The Global Lawyer: Corporate Alien Tort Rouses from Its Deathbed

Author: Michael D. Goldhaber, Am Law Daily [USA]

…[US Court of Appeals judges] Richard Posner…and…Judith Rogers…[have] lined up behind corporate liability for human rights violations under the U.S. Alien Tort Statute…[which] was snuffed out in the Second Circuit in Kiobel v. Royal Dutch Petroleum last year...[I]n Flomo v. Firestone, Judge Posner affirmed the dismissal of claims by Liberian rubber tappers that Firestone had encouraged child labor...Posner summarily rejected the central premise of Kiobel--that corporations have never been prosecuted for violating customary international law...[In] Doe v.

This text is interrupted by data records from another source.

lemma not_prop_COMP_irrational:
  assumes irr: "\<alpha> \<notin> \<rat>"
  shows "\<not> prop_COMP \<alpha>"
proof
  assume "prop_COMP \<alpha>"
  define q0 :: "complex \<times> complex" where "q0 = (1, 1)"
  have q0: "q0 \<in> topspace torus" "(1, -1) \<in> topspace torus"
    by (simp_all add: q0_def topspace_torus)
  have "compactin (orbspace \<alpha>) (topspace (orbspace \<alpha>) - {orbp \<alpha> q0})"
    using irr by (simp add: compactin_orbspace_irrational)
  then obtain K where K: "compactin torus K" "orbp \<alpha> ` K = topspace (orbspace \<alpha>) - {orbp \<alpha> q0}"
    using \<open>prop_COMP \<alpha>\<close> unfolding prop_COMP_def by blast
  have "orbp \<alpha> (1, -1) \<notin> orbp \<alpha> ` {q0}"
    using minus_one_notin_orbp_one[OF irr] orbp_eq_iff[of \<alpha> "(1, -1)" q0] by (simp add: q0_def)
  then have nowhere_dense: "torus interior_of (flow_tube \<alpha> K n) = {}"
    "torus interior_of (flow_tube \<alpha> {q0} n) = {}" for n
    using interior_of_flow_tube[OF irr q0(1), of K] interior_of_flow_tube[OF irr q0(2)] K(2) by auto
  define \<G> where "\<G> = range (flow_tube \<alpha> K) \<union> range (flow_tube \<alpha> {q0})"
  have "compactin torus {q0}"
    using q0(1) by (simp add: compactin_torus)
  then have "closedin torus S \<and> torus interior_of S = {}" if "S \<in> \<G>" for S
    using that closedin_flow_tube[OF K(1)] closedin_flow_tube nowhere_dense by (auto simp: \<G>_def)
  then have "torus interior_of \<Union>\<G> = {}"
    by (intro Baire_category_alt) (simp_all add: \<G>_def completely_metrizable_space_torus)
  moreover have "orbp \<alpha> ` topspace torus \<subseteq> orbp \<alpha> ` (K \<union> {q0})"
    using K(2) by (auto simp: topspace_orbspace)
  then have "topspace torus \<subseteq> (\<Union>n. flow_tube \<alpha> K n \<union> flow_tube \<alpha> {q0} n)"
    unfolding flow_tube_Un[symmetric] by (rule torus_subset_flow_tubes)
  then have "topspace torus \<subseteq> \<Union>\<G>"
    unfolding \<G>_def by blast
  ultimately show False
    using q0(1) interior_of_topspace[of torus] interior_of_mono[of "topspace torus" "\<Union>\<G>" torus]
    by blast
qed

theorem mainTheorem12:
  fixes \<alpha> :: real
  shows "prop_CONT \<alpha> \<and> (prop_COMP \<alpha> \<longleftrightarrow> \<alpha> \<in> \<rat>)"
proof (cases "\<alpha> \<in> \<rat>")
  case True
  then show ?thesis
    using prop_CONT_rational prop_COMP_rational by blast
next
  case False
  then show ?thesis
    using prop_CONT_irrational not_prop_COMP_irrational by blast
qed

end
lemma fg_ncl_conj: "g \<in> fg_ncl R \<Longrightarrow> c + g + - c \<in> fg_ncl R"
proof (rule fg_ncl_conj_hom_image[where h = "\<lambda>a. a"])
  show "group_add_hom (\<lambda>a :: fg. a)"
    by (rule group_add_hom_id)
  show "c + fg_of r + - c \<in> fg_ncl R" if "r \<in> R" for r c
    using ncl.ncl_conj[OF that, of "rep c"] unfolding fg_ncl_def
    by (rule rev_image_eqI) (simp add: add.assoc)
qed

lemma fg_ncl_conj_uminus: "g \<in> fg_ncl R \<Longrightarrow> c + - g + - c \<in> fg_ncl R"
  by (intro fg_ncl_conj fg_ncl_uminus)

lemma fg_ncl_hom_image:
  assumes "group_add_hom h" "\<And>r. r \<in> R \<Longrightarrow> h (fg_of r) \<in> fg_ncl T" "g \<in> fg_ncl R"
  shows "h g \<in> fg_ncl T"
  using fg_ncl_conj_hom_image[OF assms(1) _ assms(3), of T 0] assms(2) fg_ncl_conj by simp

lemma rep_in_fg_ncl:
  assumes "rep g \<in> R"
  shows "g \<in> fg_ncl R"
proof -
  have "rep g \<in> ncl R"
    using ncl.ncl_conj[OF assms, of "[]"] by simp
  then show ?thesis
    unfolding fg_ncl_def by (rule rev_image_eqI) simp
qed

lemma Qstar_equiv_trans [trans]:
  "Qstar_equiv P Q \<Longrightarrow> Qstar_equiv Q S \<Longrightarrow> Qstar_equiv P S"
  unfolding Qstar_equiv_def by (rule rtranclp_trans)

lemma Qstar_equiv_qmove:
  "qmove (map rep gs) (map rep gs') \<Longrightarrow> Qstar_equiv (map rep gs) (map rep gs')"
  using r_into_rtranclp[of "sup qmove qmove\<inverse>\<inverse>"] by (simp add: Qstar_equiv_def comp_def)

lemma Qstar_equiv_aut:
  assumes "bij (fg_lift f)"
  shows "Qstar_equiv (map rep gs) (map rep (map (fg_lift f) gs))"
proof (rule Qstar_equiv_qmove)
  have "map rep (map (fg_lift f) gs) = map (ext_hom (rep \<circ> f)) (map rep gs)"
    by (simp add: ext_hom_eq)
  then show "qmove (map rep gs) (map rep (map (fg_lift f) gs))"
    using qm_aut[OF free_aut_ext_hom[OF assms], of "map rep gs"] by (simp only:)
qed

lemma Qstar_equiv_conj:
  assumes "i < length gs" "gs ! i = c + g + - c" "gs' = gs[i := g]"
  shows "Qstar_equiv (map rep gs) (map rep gs')"
  unfolding \<open>gs' = gs[i := g]\<close>
proof (rule Qstar_equiv_qmove)
  have "g = - c + gs ! i + - (- c)"
    using assms(2) by (simp add: add.assoc)
  then show "qmove (map rep gs) (map rep (gs[i := g]))"
    using qm_conj[of i "map rep gs" "rep (- c)"] assms(1)
    by (simp add: map_update fmult_rep inv_word_rep)
qed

Exxon...Judge Rogers reinstated claims by Indonesian villagers that Exxon is liable for incidents of torture, killing, and arbitrary detention allegedly committed by security forces dedicated to an Exxon facility...Rogers...also notes that the principle of corporate liability is generally accepted under domestic…law, and general principles of law are a standard source of customary international law...Commentators immediately noted that the deepening of the circuit split on corporate liability strengthens the case for granting cert [Supreme Court review] in Kiobel. [also refers to Talisman]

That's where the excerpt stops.